Back in Illinois, Pasterski has been using a TOF-SIMS and a machine learning algorithm to study those ancient clay samples. This combination can determine with greater than 80% accuracy if a section of clay contains primarily organic or inorganic material. It also successfully recognized sterane-based biosignatures with greater than 95% accuracy, according to research he presented at the 2022 Fall Meeting of the American Geophysical Union in Chicago. Pasterski believes these preliminary results show that further development could make machine learning approaches a powerful tool for seeking out signs of life in geological samples.

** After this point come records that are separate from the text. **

(* Let $n\ge 2$, and let $A=(a_{ij})$ be a real symmetric $n\times n$ matrix with eigenvalues $\mu_1\ge \mu_2\ge \cdots\ge \mu_n$. Assume that $0\le a_{ij}\le 1$ for all $i\ne j$, and $a_{ii}\ge 0$ for all $1\le i\le n$. Then \[ \mu_{n-1}+\mu_n\ge -\frac{2n}{3}. \] In particular, $\mu_{n-1}\ge -\frac{n}{3}$. *)

theory Defs
  imports "Jordan_Normal_Form.Char_Poly"
begin

end

theory Submission
  imports Defs "Jordan_Normal_Form.Schur_Decomposition" "HOL-Analysis.Convex"
begin

(* Orthonormalising the first two columns of a real Schur triangularisation of A, ordered so that
   its diagonal starts with mu_n, mu_(n-1), gives orthonormal x, y with x'Ax = mu_n and
   y'Ay = mu_(n-1).  For z = x + i y we have
   sum z_j^2 = 0, sum |z_j|^2 = 2 and x'Ax + y'Ay = sum a_jk Re (z_j conj z_k), which by the
   bounds on the entries is at least - sum max (0, - Re (z_j conj z_k)).  Writing
   z_j conj z_k = r e^(i t), the majorant
     max (0, - cos t) <= 1/3 - cos t / 2 + 7/36 cos 2t - 1/36 cos 4t
   turns this double sum into squared moduli of sums.  Dropping the negative ones, Cauchy-Schwarz
   together with sum z_j^2 = 0 bounds the rest by n/3 * sum |z_j|^2 = 2n/3. *)

section \<open>A trigonometric majorant of the negative part\<close>

(* For c = cos t the right-hand side is 1/3 - cos t / 2 + 7/36 cos 2t - 1/36 cos 4t;
   it touches the left-hand side at c = -1, -1/2, 1/2, 1. *)
lemma neg_part_le_chebyshev_combination:
  fixes c :: real
  assumes "\<bar>c\<bar> \<le> 1"
  shows "max 0 (- c) \<le> 1/3 - c/2 + 7/36 * (2 * c^2 - 1) - 1/36 * (2 * (2 * c^2 - 1)^2 - 1)"
proof (cases "c \<ge> 0")
  case True
  have expand: "1/3 - c/2 + 7/36 * (2 * c^2 - 1) - 1/36 * (2 * (2 * c^2 - 1)^2 - 1)
      = (2*c - 1)^2 * (1 - c) * (c + 2) / 18"
    by (simp add: field_simps power2_eq_square)
  have "0 \<le> (2*c - 1)^2 * (1 - c) * (c + 2)"
    using assms True by (intro mult_nonneg_nonneg) auto
  then show ?thesis
    unfolding expand using True by simp
next
  case False
  have expand: "1/3 - c/2 + 7/36 * (2 * c^2 - 1) - 1/36 * (2 * (2 * c^2 - 1)^2 - 1)
      = (2*c + 1)^2 * (1 + c) * (2 - c) / 18 - c"
    by (simp add: field_simps power2_eq_square)
  have "0 \<le> (2*c + 1)^2 * (1 + c) * (2 - c)"
    using assms False by (intro mult_nonneg_nonneg) auto
  then show ?thesis
    unfolding expand using False by simp
qed

(* For z = r e^(i t) and k >= 1 this is r e^(i k t). *)
definition phase_power :: "nat \<Rightarrow> complex \<Rightarrow> complex" where
  "phase_power k z = z ^ k / of_real (cmod z ^ (k - 1))"

lemma phase_power_mult_cnj:
  "phase_power k u * cnj (phase_power k v) = phase_power k (u * cnj v)"
  by (simp add: phase_power_def norm_mult power_mult_distrib)

lemma norm_phase_power:
  assumes "k \<ge> 1"
  shows "cmod (phase_power k z) = cmod z"
proof (cases "z = 0")
  case False
  have "cmod z ^ k = cmod z ^ (k - 1) * cmod z"
    using assms by (simp flip: power_Suc2)
  then show ?thesis
    using False by (simp add: phase_power_def norm_divide norm_power)
qed (use assms in \<open>simp add: phase_power_def\<close>)

lemma norm_mult_phase_power2: "of_real (cmod z) * phase_power 2 z = z ^ 2"
  by (cases "z = 0") (simp_all add: phase_power_def)

lemma Re_power2_eq_norm: "Re (z ^ 2) = 2 * (Re z)^2 - (cmod z)^2"
  by (simp add: Re_power2 cmod_power2)

lemma Re_phase_power2:
  "Re (phase_power 2 w) = cmod w * (2 * (Re w / cmod w)^2 - 1)"
proof (cases "w = 0")
  case False
  have "Re (phase_power 2 w) = (2 * (Re w)^2 - (cmod w)^2) / cmod w"
    by (simp add: phase_power_def Re_divide_of_real Re_power2_eq_norm)
  also have "\<dots> = cmod w * (2 * (Re w / cmod w)^2 - 1)"
    using False by (simp add: field_simps power2_eq_square del: norm_eq_zero)
  finally show ?thesis .
qed (simp add: phase_power_def)

lemma Re_phase_power4:
  "Re (phase_power 4 w) = cmod w * (2 * (2 * (Re w / cmod w)^2 - 1)^2 - 1)"
proof (cases "w = 0")
  case False
  have "Re (w ^ 4) = 2 * (2 * (Re w)^2 - (cmod w)^2)^2 - (cmod w)^4"
    using Re_power2_eq_norm[of "w^2"] by (simp add: Re_power2_eq_norm norm_power flip: power_mult)
  then have "Re (phase_power 4 w) = (2 * (2 * (Re w)^2 - (cmod w)^2)^2 - (cmod w)^4) / cmod w ^ 3"
    by (simp add: phase_power_def Re_divide_of_real)
  also have "\<dots> = cmod w * (2 * (2 * (Re w / cmod w)^2 - 1)^2 - 1)"
    using False by (simp add: field_simps power2_eq_square power3_eq_cube power4_eq_xxxx del: norm_eq_zero)
  finally show ?thesis .
qed (simp add: phase_power_def)

lemma neg_part_Re_le_phase_power_combination:
  "max 0 (- Re w) \<le> cmod w / 3 - Re w / 2 + 7/36 * Re (phase_power 2 w) - 1/36 * Re (phase_power 4 w)"
proof (cases "w = 0")
  case False
  define c where "c = Re w / cmod w"
  have "\<bar>c\<bar> \<le> 1"
    using abs_Re_le_cmod[of w] False by (simp add: c_def divide_le_eq_1)
  then have "cmod w * max 0 (- c) \<le> cmod w * (1/3 - c/2 + 7/36 * (2 * c^2 - 1) - 1/36 * (2 * (2 * c^2 - 1)^2 - 1))"
    by (intro mult_left_mono neg_part_le_chebyshev_combination) auto
  moreover have "max 0 (- Re w) = cmod w * max 0 (- c)"
    using False by (simp add: c_def max_mult_distrib_left)
  moreover have "cmod w / 3 - Re w / 2 + 7/36 * Re (phase_power 2 w) - 1/36 * Re (phase_power 4 w)
      = cmod w * (1/3 - c/2 + 7/36 * (2 * c^2 - 1) - 1/36 * (2 * (2 * c^2 - 1)^2 - 1))"
    using False unfolding Re_phase_power2 Re_phase_power4 c_def[symmetric]
    by (simp add: c_def algebra_simps)
  ultimately show ?thesis by simp
qed (simp add: phase_power_def)

lemma sum_sum_Re_mult_cnj:
  "(\<Sum>i\<in>A. \<Sum>j\<in>A. Re (f i * cnj (f j))) = (cmod (\<Sum>i\<in>A. f i))^2"
proof -
  have "(\<Sum>i\<in>A. \<Sum>j\<in>A. Re (f i * cnj (f j))) = (\<Sum>i\<in>A. Re (f i * cnj (\<Sum>j\<in>A. f j)))"
    by (simp only: cnj_sum sum_distrib_left Re_sum)
  also have "\<dots> = Re ((\<Sum>i\<in>A. f i) * cnj (\<Sum>j\<in>A. f j))"
    by (simp only: sum_distrib_right Re_sum)
  finally show ?thesis
    by (metis Re_complex_of_real complex_norm_square)
qed

lemma sum_neg_part_Re_mult_cnj_le:
  "(\<Sum>i\<in>A. \<Sum>j\<in>A. max 0 (- Re (z i * cnj (z j))))
     \<le> (\<Sum>i\<in>A. cmod (z i))^2 / 3 + 7/36 * (cmod (\<Sum>i\<in>A. phase_power 2 (z i)))^2"
proof -
  have "(\<Sum>i\<in>A. \<Sum>j\<in>A. max 0 (- Re (z i * cnj (z j))))
      \<le> (\<Sum>i\<in>A. \<Sum>j\<in>A. cmod (z i) * cmod (z j) / 3 - Re (z i * cnj (z j)) / 2
           + 7/36 * Re (phase_power 2 (z i) * cnj (phase_power 2 (z j)))
           - 1/36 * Re (phase_power 4 (z i) * cnj (phase_power 4 (z j))))"
    using neg_part_Re_le_phase_power_combination[of "z i * cnj (z j)" for i j]
    by (intro sum_mono) (simp only: phase_power_mult_cnj norm_mult complex_mod_cnj)
  also have "\<dots> = (\<Sum>i\<in>A. \<Sum>j\<in>A. cmod (z i) * cmod (z j)) / 3
      - (\<Sum>i\<in>A. \<Sum>j\<in>A. Re (z i * cnj (z j))) / 2
      + 7/36 * (\<Sum>i\<in>A. \<Sum>j\<in>A. Re (phase_power 2 (z i) * cnj (phase_power 2 (z j))))
      - 1/36 * (\<Sum>i\<in>A. \<Sum>j\<in>A. Re (phase_power 4 (z i) * cnj (phase_power 4 (z j))))"
    by (simp only: sum.distrib sum_subtractf sum_divide_distrib sum_distrib_left)
  also have "\<dots> = (\<Sum>i\<in>A. cmod (z i))^2 / 3 - (cmod (\<Sum>i\<in>A. z i))^2 / 2
      + 7/36 * (cmod (\<Sum>i\<in>A. phase_power 2 (z i)))^2
      - 1/36 * (cmod (\<Sum>i\<in>A. phase_power 4 (z i)))^2"
    by (simp only: sum_sum_Re_mult_cnj sum_product power2_eq_square)
  also have "\<dots> \<le> (\<Sum>i\<in>A. cmod (z i))^2 / 3 + 7/36 * (cmod (\<Sum>i\<in>A. phase_power 2 (z i)))^2"
    using zero_le_power2[of "cmod (\<Sum>i\<in>A. z i)"] zero_le_power2[of "cmod (\<Sum>i\<in>A. phase_power 4 (z i))"]
    by linarith
  finally show ?thesis .
qed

In particular, he thinks machine learning methods would be helpful in an extreme experimental setting: another planet. When probes like those on NASA’s Perseverance rover study samples on Mars, the extreme distance from Earth slows data transmission, making it difficult for scientists on Earth to guide the machine on how to analyze materials. Also, while these probes carry powerful instruments, engineers can fit only so much on these remote labs because of weight limitations during launch. A machine learning program directing a mass spectrometer on a rover could help make sample analysis more efficient with the onboard equipment and less reliant on human guidance, Pasterski thinks.
But computational scientists caution that machine learning won’t solve all of chemists’ experimental challenges. Scientists shouldn’t reach for machine learning just to use machine learning, MIT’s Coley says. “We’re really trying to identify the places where it excels and where it provides benefits over the existing techniques,” he says. And humans are still better at many tasks.
“I like to say that artificial intelligence is actually augmented intelligence,” Ziatdinov says. For as good as computers may be at crunching numbers at dizzying speeds, human scientists will always be the ones asking the questions.